Based on MV-ERM, we have developed the following methods:
ManiNetCluster, Varmole and ECMarker.



(1) ManiNetCluster (Nguyen, et al., BMC Genomics, 2019) is a manifold
learning method which simultaneously aligns and clusters gene networks
(e.g., co-expression) to systematically reveal the links of genomic
function between different phenotypes. Specifically, ManiNetCluster
employs manifold alignment to uncover and match local and non-linear
structures among networks, and identifies cross-network functional
links. We demonstrated that ManiNetCluster better aligns the
orthologous genes from their developmental expression profiles across
model organisms than state-of-the-art methods. This indicates the
potential non-linear interactions of evolutionarily conserved genes
across species in development. Furthermore, we applied ManiNetCluster
to time series transcriptome data measured in the green alga
Chlamydomonas reinhardtii to discover the genomic functions linking
various metabolic processes between the light and dark periods of a
diurnally cycling culture;



(2) Varmole (Nguyen, et al., Bioinformatics, 2020) is an interpretable
deep learning method that simultaneously reveals genomic functions and
mechanisms while predicting phenotype from genotype. In particular,
Varmole embeds multi-omic networks into a deep neural network
architecture and prioritizes variants, genes and regulatory linkages
via biological drop-connect without needing prior feature selections.
With an application to schizophonia, we demonstrate that Varmole
provides an effective alternative for recent statistical methods that
associate functional omic data (e.g. gene expression) with genotype
and phenotype and that link variants to individual genes in population
studies such as genome-wide association study;



(3) ECMarker (Jin*, Nguyen*, et al., Bioinformatics, 2020) is an
interpretable and scalable machine learning model that predicts gene
expression biomarkers for disease phenotypes and simultaneously
reveals underlying regulatory mechanisms. Particularly, ECMarker is
built on the integration of semi- and discriminative- restricted
Boltzmann machines, a neural network model for classification allowing
lateral connections at the input gene layer. With application to the
gene expression data of non-small cell lung cancer (NSCLC) patients,
we found that ECMarker not only achieved a relatively high accuracy
for predicting cancer stages but also identified the biomarker genes
and gene networks implying the regulatory mechanisms in lung cancer
development.



Finally, we propose a novel multiview learning method, Malignomics, to
predict phenotypes from heterogeneous multi-omic features. Malignomics
will first align multi-omic features by deep manifold alignment onto a
common latent space, better predicting nonlinear relationships across
omics. This deep alignment aims to preserve both global consistency
and local smoothness across omics and reveal higher-order nonlinear
interactions (i.e., manifolds) among cross-omic features. Second, it
uses these manifold structures to regularize the classifiers for
predicting phenotypes. This manifold-regularization allows
highlighting cross-omic feature manifolds and prioritizing the
features and interactions for the phenotypes. The prioritized
multi-omic features will further reveal underlying phenotypic
functions and mechanisms and thus enhance the biological
interpretation of Malignomics. We will apply Malignomics to
multi-omics data in neuropsychiatric disorders, and prioritize gene
regulatory networks linking risk variants, regulatory elements, and
genes for the disorders. We will also compare Malignomics with the
state-of-the-arts, and investigate how the manifold regulation will
potentially improve understanding of multi-omics functions and
predicting diseases.



Place:  https://stonybrook.zoom.us/j/99167126152?pwd=TFpEYzM0aFhiOFJxSFJEb1JSS3YyQT09  

Time: 3 PM EST - Dec, 16th, 2020 

Abstract: 

Shadows provide useful cues to analyze visual scenes but also hamper many computer vision algorithms such as image segmentation, object detection, or tracking. For those reasons, shadow detection and shadow removal have been well-studied in computer vision.

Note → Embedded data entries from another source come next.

lemma comp_weight_sum_by_card:
  assumes "weighted_species SF wF TF" "weighted_species SG wG TG"
  shows "(\<Sum>s\<in>comp_structs SF SG n. comp_weight wF wG s)
     = (\<Sum>k\<le>n. \<Sum>s\<in>{s\<in>comp_structs SF SG n. card (fst s) = k}. comp_weight wF wG s)"
  by (rule sum.group[symmetric, OF finite_comp_structs[OF assms] finite_atMost])
    (auto simp: comp_structs_def intro: card_partition_on_le[of "{1..n}", simplified])

lemma comp_weight_sum_card_eq_fps:
  assumes F: "weighted_species SF wF TF" and G: "weighted_species SG wG TG" and "SG {} = {}"
  shows "(\<Sum>s\<in>{s\<in>comp_structs SF SG n. card (fst s) = k}. comp_weight wF wG s)
     = fact n * (egf_coeff SF wF k * fps_nth (Abs_fps (egf_coeff SG wG) ^ k) n)"
proof -
  have "egf_coeff SG wG 0 = 0" using \<open>SG {} = {}\<close> by (simp add: egf_coeff_def total_weight_def)
  then have "partition_weight (total_weight SG wG) {1..n} k * fact k
      = fact n * fps_nth (Abs_fps (egf_coeff SG wG) ^ k) n"
    using partition_weight_eq_fps_power_nth[of "{1..n}"] by (simp add: egf_coeff_def)
  then show ?thesis
    unfolding comp_weight_sum_card[OF F G] by (simp add: egf_coeff_def field_simps)
qed

lemma prob_single_component_eq:
  fixes SF :: "nat set \<Rightarrow> 'b set" and wF :: "nat set \<Rightarrow> 'b \<Rightarrow> real"
    and SG :: "nat set \<Rightarrow> 'c set" and wG :: "nat set \<Rightarrow> 'c \<Rightarrow> real"
  defines "f \<equiv> egf_coeff SF wF" and "A \<equiv> Abs_fps (egf_coeff SG wG)"
  assumes F: "weighted_species SF wF TF" and G: "weighted_species SG wG TG" and "SG {} = {}"
    and "1 \<le> n"
  shows "prob_single_component SF wF SG wG n
    = f 1 * fps_nth A n / (f 1 * fps_nth A n + (\<Sum>k\<in>{2..n}. f k * fps_nth (A ^ k) n))"
proof -
  have "{..n} = insert 0 (insert 1 {2..n})" using \<open>1 \<le> n\<close> by auto
  then have "(\<Sum>k\<le>n. f k * fps_nth (A ^ k) n) = f 1 * fps_nth A n + (\<Sum>k\<in>{2..n}. f k * fps_nth (A ^ k) n)"
    using \<open>1 \<le> n\<close> by simp
  then show ?thesis
    unfolding prob_single_component_def comp_weight_sum_by_card[OF F G]
      comp_weight_sum_card_eq_fps[OF F G \<open>SG {} = {}\<close>] f_def[symmetric] A_def[symmetric]
    by (simp add: sum_distrib_left[symmetric])
qed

Early work on shadow detection and removal focused on physical illumination models of shadows. These methods can express, identify, and remove shadows in a physically plausible manner. However, these models are often hard to optimize and are slow during inference due to their reliance on hand-designed image features. Recently, deep-learning approaches have achieved breakthroughs in performance for both shadow detection and removal. They learn to extract useful features through training while being extremely efficient during inference. However, these models are data-dependent, opaque, and ignore the physical aspects of shadows. Thus they often lack generalization and produce inconsistent results.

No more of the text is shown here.